I refer to this method as a multimodal because, although the predictive coding type of searches predominate (shown on the below diagram as Intelligent Review or IR), other modes of search are also employed. As described, I do not rely entirely on random documents, or computer selected documents. The other types of methods used in a multimodal process are shown in this search pyramid.
Most information scientists I have spoken to agree that it makes sense to use multiple methods in legal search and not just rely on any single method. UCLA Professor Marcia J. Bates first advocated for using multiple search methods back in 1989, which she called berrypicking.
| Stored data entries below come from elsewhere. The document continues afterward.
(* In the setting of the previous statement (sample space $\mathcal{X}\times\mathcal{Y}$, hypothesis set $\mathcal{H}$, learning algorithm $\mathcal{A}$ given by a Markov kernel $\mathcal{P}_{H|S}$, $S\sim\mathcal{P}^n$ i.i.d., $H=\mathcal{A}(S)$ with $\mathcal{P}_{SH}\ll\mathcal{P}_S\mathcal{P}_H$, $0$-$1$ loss, $\eta\in(0,1)$ and $E=\{(s,h):|L_{\mathcal{P}}(h)-L_s(h)|>\eta\}$), fix $\alpha>1$, let $\gamma=\frac{\alpha}{\alpha-1}$ and $\delta\in(0,1)$. If the number of samples $n$ satisfies $$n\ge\frac{I_\alpha(S;\mathcal{A}(S))+\log2+\gamma\log\left(\frac1\delta\right)}{2\eta^2},$$ then $\mathbb{P}((S,\mathcal{A}(S))\in E)\le\delta$.
   Context: The $0$-$1$ loss is $\ell(h,(x,y))=\mathbb{1}_{h(x)\neq y}$; $L_{\mathcal{P}}(h)=\mathcal{P}(\{(x,y):h(x)\ne y\})$; for $s=((x_i,y_i))_{i=1}^n$, $L_s(h)=\frac1n\sum_{i=1}^n\mathbb{1}_{h(x_i)\ne y_i}$. Sibson's $\alpha$-mutual information is $I_\alpha(S;H)=\min_{Q_H}D_\alpha(\mathcal{P}_{SH}\|\mathcal{P}_SQ_H)$ with $D_\alpha(\mathcal{P}\|\mathcal{Q})=\frac{1}{\alpha-1}\ln\int p^\alpha q^{1-\alpha}d\mu$ the Rényi divergence. Logarithms are natural. *)

theory Defs
  imports "HOL-Probability.Probability"
begin

text \<open>Samples of size n are functions nat => 'x * 'y restricted to {..<n};
  the sample measure space is the n-fold product of the instance space.\<close>

definition sample_space :: "nat \<Rightarrow> 'z measure \<Rightarrow> (nat \<Rightarrow> 'z) measure" where
  "sample_space n Z = PiM {..<n} (\<lambda>_. Z)"

definition iid_sample :: "nat \<Rightarrow> 'z measure \<Rightarrow> (nat \<Rightarrow> 'z) measure" where
  "iid_sample n P = PiM {..<n} (\<lambda>_. P)"

definition loss01 :: "('x \<Rightarrow> 'y) \<Rightarrow> 'x \<times> 'y \<Rightarrow> real" where
  "loss01 h z = (if h (fst z) \<noteq> snd z then 1 else 0)"

definition pop_risk :: "('x \<times> 'y) measure \<Rightarrow> ('x \<Rightarrow> 'y) \<Rightarrow> real" where
  "pop_risk P h = measure P {z \<in> space P. h (fst z) \<noteq> snd z}"

definition emp_risk :: "nat \<Rightarrow> (nat \<Rightarrow> 'x \<times> 'y) \<Rightarrow> ('x \<Rightarrow> 'y) \<Rightarrow> real" where
  "emp_risk n s h = (\<Sum>i<n. loss01 h (s i)) / real n"

definition joint_dist ::
  "'s measure \<Rightarrow> ('s \<Rightarrow> 'h measure) \<Rightarrow> 'h measure \<Rightarrow> ('s \<times> 'h) measure" where
  "joint_dist PS K MH = PS \<bind> (\<lambda>s. distr (K s) (PS \<Otimes>\<^sub>M MH) (\<lambda>h. (s, h)))"

definition marginal_H :: "'s measure \<Rightarrow> ('s \<Rightarrow> 'h measure) \<Rightarrow> 'h measure" where
  "marginal_H PS K = PS \<bind> K"

text \<open>Renyi divergence D_alpha(M || N) of order alpha > 1:
  (1/(alpha-1)) ln \<integral> p^alpha q^(1-alpha) d\<mu>, which for alpha > 1 equals
  (1/(alpha-1)) ln \<integral> (dM/dN)^alpha dN if M << N and +\<infinity> otherwise.\<close>
definition renyi_div :: "real \<Rightarrow> 'a measure \<Rightarrow> 'a measure \<Rightarrow> ereal" where
  "renyi_div \<alpha> M N =
     (let I = (\<integral>\<^sup>+ x. ennreal (enn2real (RN_deriv N M x) powr \<alpha>) \<partial>N)
      in if absolutely_continuous N M \<and> sets M = sets N \<and> I \<noteq> \<infinity>
         then ereal (ln (enn2real I) / (\<alpha> - 1)) else \<infinity>)"

definition sibson_MI :: "real \<Rightarrow> 's measure \<Rightarrow> 'h measure \<Rightarrow> ('s \<times> 'h) measure \<Rightarrow> ereal" where
  "sibson_MI \<alpha> PS MH PSH =
     (INF Q \<in> {Q. prob_space Q \<and> sets Q = sets MH}. renyi_div \<alpha> PSH (PS \<Otimes>\<^sub>M Q))"

end

theory Submission
  imports Defs
begin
Bates, Marcia J., The Design of Browsing and Berrypicking Techniques for the Online Search Interface, Online Review 13 (October 1989): 407-424. As Professor Bates explained in 2011 in Quora:
An important thing we learned early on is that successful searching requires what I called “berrypicking.” … Berrypicking involves 1) searching many different places/sources, 2) using different search techniques in different places, and 3) changing your search goal as you go along and learn things along the way. This may seem fairly obvious when stated this way, but, in fact, many searchers erroneously think they will find everything they want in just one place, and second, many information systems have been designed to permit only one kind of searching, and inhibit the searcher from using the more effective berrypicking technique.
This berrypicking approach, combined with HCIR exploratory search, is what I have found from practical experience works best with legal search. They are the Hybrid Multimodal aspects of my Computer Assisted Review Bottom Line Driven Method.
Now that we have shown that courts are very open to predictive coding, we need to move on to a different, more sophisticated discussion. We need to focus on analysis of different predictive coding search methods, the strategies, tactics and moves. We also need to understand and discuss what skill-sets and personnel are required to do it properly. Finally, we need to begin to discuss the different types of predictive coding software.
There is much more to discuss concerning the use predictive coding than whether or not to make disclosure of seed sets or irrelevant training documents. Although that, and court approval, are the only things most expert panels have talked about so far. The discussion on disclosure and work-product should continue, but let us also discuss the methods and skills, and, yes, even the competing software.
We cannot look to vendors alone for the discussion and analysis of predictive coding software and competing methods of use. Obviously they must focus on their own software. This is where independent practitioners have an important role to play in the advancement of this powerful new technology.
Join with me in this discussion by your comments below or send me ideas for proposed guest blogs. Vendors are of course welcome to join in the discussion, and they make great hosts for search SME forums. Vendors are an important part of any successful e-discovery team. You cannot do predictive coding review without their predictive coding software, and, as with any other IT product, some software is much better than others.